● Exercise material:
lemma card_circ_column:
  assumes "0 < z"
  shows "card {t. t < z \<and> circ z p t (c mod z)} = 1"
proof -
  define t0 where "t0 = (c + (z - p mod z)) mod z"
  have "[t0 + p = c + (z - p mod z) + p mod z] (mod z)"
    unfolding t0_def by (intro cong_add) (simp_all add: cong_def)
  also have "c + (z - p mod z) + p mod z = c + z"
    using mod_less_divisor[OF assms, of p] by linarith
  finally have t0: "[t0 + p = c] (mod z)"
    by (simp add: cong_def)
  have "{t. t < z \<and> circ z p t (c mod z)} = {t0}"
  proof safe
    fix t assume "t < z" "circ z p t (c mod z)"
    then have "[t + p = t0 + p] (mod z)" "t < z"
      using t0 by (auto simp: circ_def cong_def)
    moreover have "t0 < z"
      using assms by (simp add: t0_def)
    ultimately show "t = t0"
      by (meson cong_add_rcancel_nat cong_less_modulus_unique_nat)
  qed (use assms t0 in \<open>auto simp: t0_def circ_def cong_def\<close>)
  then show ?thesis by simp
qed

lemma pcm_in_block:
  assumes "c < z"
  shows "pcm z M i (k * z + c) = (case M (i div z) k of None \<Rightarrow> False | Some p \<Rightarrow> circ z p (i mod z) c)"
    and "pcm z M (k * z + c) j = (case M k (j div z) of None \<Rightarrow> False | Some p \<Rightarrow> circ z p c (j mod z))"
proof -
  have block: "(k * z + c) div z = k" "(k * z + c) mod z = c"
    using assms by simp_all
  show "pcm z M i (k * z + c) = (case M (i div z) k of None \<Rightarrow> False | Some p \<Rightarrow> circ z p (i mod z) c)"
    and "pcm z M (k * z + c) j = (case M k (j div z) of None \<Rightarrow> False | Some p \<Rightarrow> circ z p c (j mod z))"
    by (simp_all only: pcm_def block)
qed

lemma card_pcm_row_blocks:
  assumes "0 < z"
  shows "card {j. j < z * L \<and> pcm z M i j \<and> B (j div z)} = card {k. k < L \<and> M (i div z) k \<noteq> None \<and> B k}"
proof -
  have "(\<Sum>c<z. of_bool (pcm z M i (k * z + c) \<and> B k)) = (of_bool (M (i div z) k \<noteq> None \<and> B k) :: nat)" for k
    using card_circ_row[OF assms] assms
    by (cases "M (i div z) k") (simp_all add: pcm_in_block card_lessThan_filter[symmetric] conj_commute)
  then show ?thesis
    using assms by (simp add: card_lessThan_filter sum_lessThan_mult_blocks)
qed

lemma sum_card_pcm_block_row:
  assumes "0 < z"
  shows "(\<Sum>t<z. card {j. j < n \<and> pcm z M (r * z + t) j \<and> P j})
           = card {j. j < n \<and> M r (j div z) \<noteq> None \<and> P j}"
proof -
  have "(\<Sum>t<z. of_bool (pcm z M (r * z + t) j \<and> P j)) = (of_bool (M r (j div z) \<noteq> None \<and> P j) :: nat)" for j
    using card_circ_column[OF assms, of _ j] assms
    by (cases "M r (j div z)") (simp_all add: pcm_in_block card_lessThan_filter[symmetric] conj_commute)
  then show ?thesis
    unfolding card_lessThan_filter by (subst sum.swap) simp
qed

lemma even_base_overlap_of_pcm_row_in_code:
  assumes "0 < z" and "r < J"
    and "map (pcm z MD i) [0..<z * L] \<in> qc_code z J L MC"
  shows "even (card {k. k < L \<and> MD (i div z) k \<noteq> None \<and> MC r k \<noteq> None})"
proof -
  have "even (card {j. j < z * L \<and> pcm z MC (r * z + t) j \<and> pcm z MD i j})" if "t < z" for t
  proof -
    have "r * z + t < Suc r * z"
      using that by simp
    also have "\<dots> \<le> J * z"
      using assms(2) by (intro mult_le_mono1) simp
    finally have "even (card {j. j < z * L \<and> pcm z MC (r * z + t) j \<and> map (pcm z MD i) [0..<z * L] ! j})"
      using assms(3) by (simp add: qc_code_def mult.commute)
    moreover have "{j. j < z * L \<and> pcm z MC (r * z + t) j \<and> map (pcm z MD i) [0..<z * L] ! j}
        = {j. j < z * L \<and> pcm z MC (r * z + t) j \<and> pcm z MD i j}"
      by auto
    ultimately show ?thesis
      by simp
  qed
  then have "even (\<Sum>t<z. card {j. j < z * L \<and> pcm z MC (r * z + t) j \<and> pcm z MD i j})"
    by (intro dvd_sum) simp
  also have "(\<Sum>t<z. card {j. j < z * L \<and> pcm z MC (r * z + t) j \<and> pcm z MD i j})
      = card {j. j < z * L \<and> pcm z MD i j \<and> MC r (j div z) \<noteq> None}"
    using sum_card_pcm_block_row[OF assms(1)] by (simp add: conj_commute)
  also have "\<dots> = card {k. k < L \<and> MD (i div z) k \<noteq> None \<and> MC r k \<noteq> None}"
    by (rule card_pcm_row_blocks[OF assms(1)])
  finally show ?thesis .
qed

lemma pcm_row_in_dual_code:
  assumes "i < z * J"
  shows "map (pcm z M i) [0..<z * L] \<in> dual_code (z * L) (qc_code z J L M)"
proof -
  have "orth d (map (pcm z M i) [0..<z * L])" if "d \<in> qc_code z J L M" for d
  proof -
    from that assms have "length d = z * L" "even (card {j. j < z * L \<and> pcm z M i j \<and> d ! j})"
      by (auto simp: qc_code_def)
    moreover from \<open>length d = z * L\<close> have "{j. j < length d \<and> j < z * L \<and> d ! j \<and> map (pcm z M i) [0..<z * L] ! j}
        = {j. j < z * L \<and> pcm z M i j \<and> d ! j}"
      by auto
    ultimately show ?thesis
      by (simp add: orth_def)
  qed
  then show ?thesis
    by (simp add: dual_code_def)
qed

lemma length_eq_of_dual_code_subset:
  assumes "dual_code n D \<subseteq> qc_code z J L M"
  shows "n = z * L"
proof -
  have no_overlap: "{j. j < length d \<and> j < length (replicate n False) \<and> d ! j \<and> replicate n False ! j} = {}" for d
    by auto
  have "replicate n False \<in> dual_code n D"
    unfolding dual_code_def mem_Collect_eq orth_def no_overlap by simp
  then show ?thesis
    using assms by (auto simp: qc_code_def)
qed

lemma sum_row_weight_dist:
  assumes "N \<le> W"
  shows "(\<Sum>w\<le>W. row_weight_dist H R N w) = R"
proof -
  have "(\<Sum>w\<le>W. row_weight_dist H R N w) = card (\<Union>w\<le>W. {i. i < R \<and> card {j. j < N \<and> H i j} = w})"
    unfolding row_weight_dist_def by (rule card_UN_disjoint[symmetric]) auto
  also have "(\<Union>w\<le>W. {i. i < R \<and> card {j. j < N \<and> H i j} = w}) = {..<R}"
  proof -
    have "card {j. j < N \<and> H i j} \<le> W" for i
    proof -
      have "card {j. j < N \<and> H i j} \<le> card {..<N}"
        by (rule card_mono) auto
      then show ?thesis
        using assms by simp
    qed
    then show ?thesis
      by auto
  qed
  finally show ?thesis
    by simp
qed

lemma row_count_eq_of_row_weight_dist_eq:
  assumes "\<forall>w. row_weight_dist H R N w = row_weight_dist H' R' N' w"
  shows "R = R'"
  using sum_row_weight_dist[of N "max N N'" H R] sum_row_weight_dist[of N' "max N N'" H' R'] assms
  by simp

● What the exercise asks: Lines holding "finally" in the data above: copy each of them.

● Answer box:
  finally have t0: "[t0 + p = c] (mod z)"
    finally have "even (card {j. j < z * L \<and> pcm z MC (r * z + t) j \<and> map (pcm z MD i) [0..<z * L] ! j})"
  finally show ?thesis .
  finally show ?thesis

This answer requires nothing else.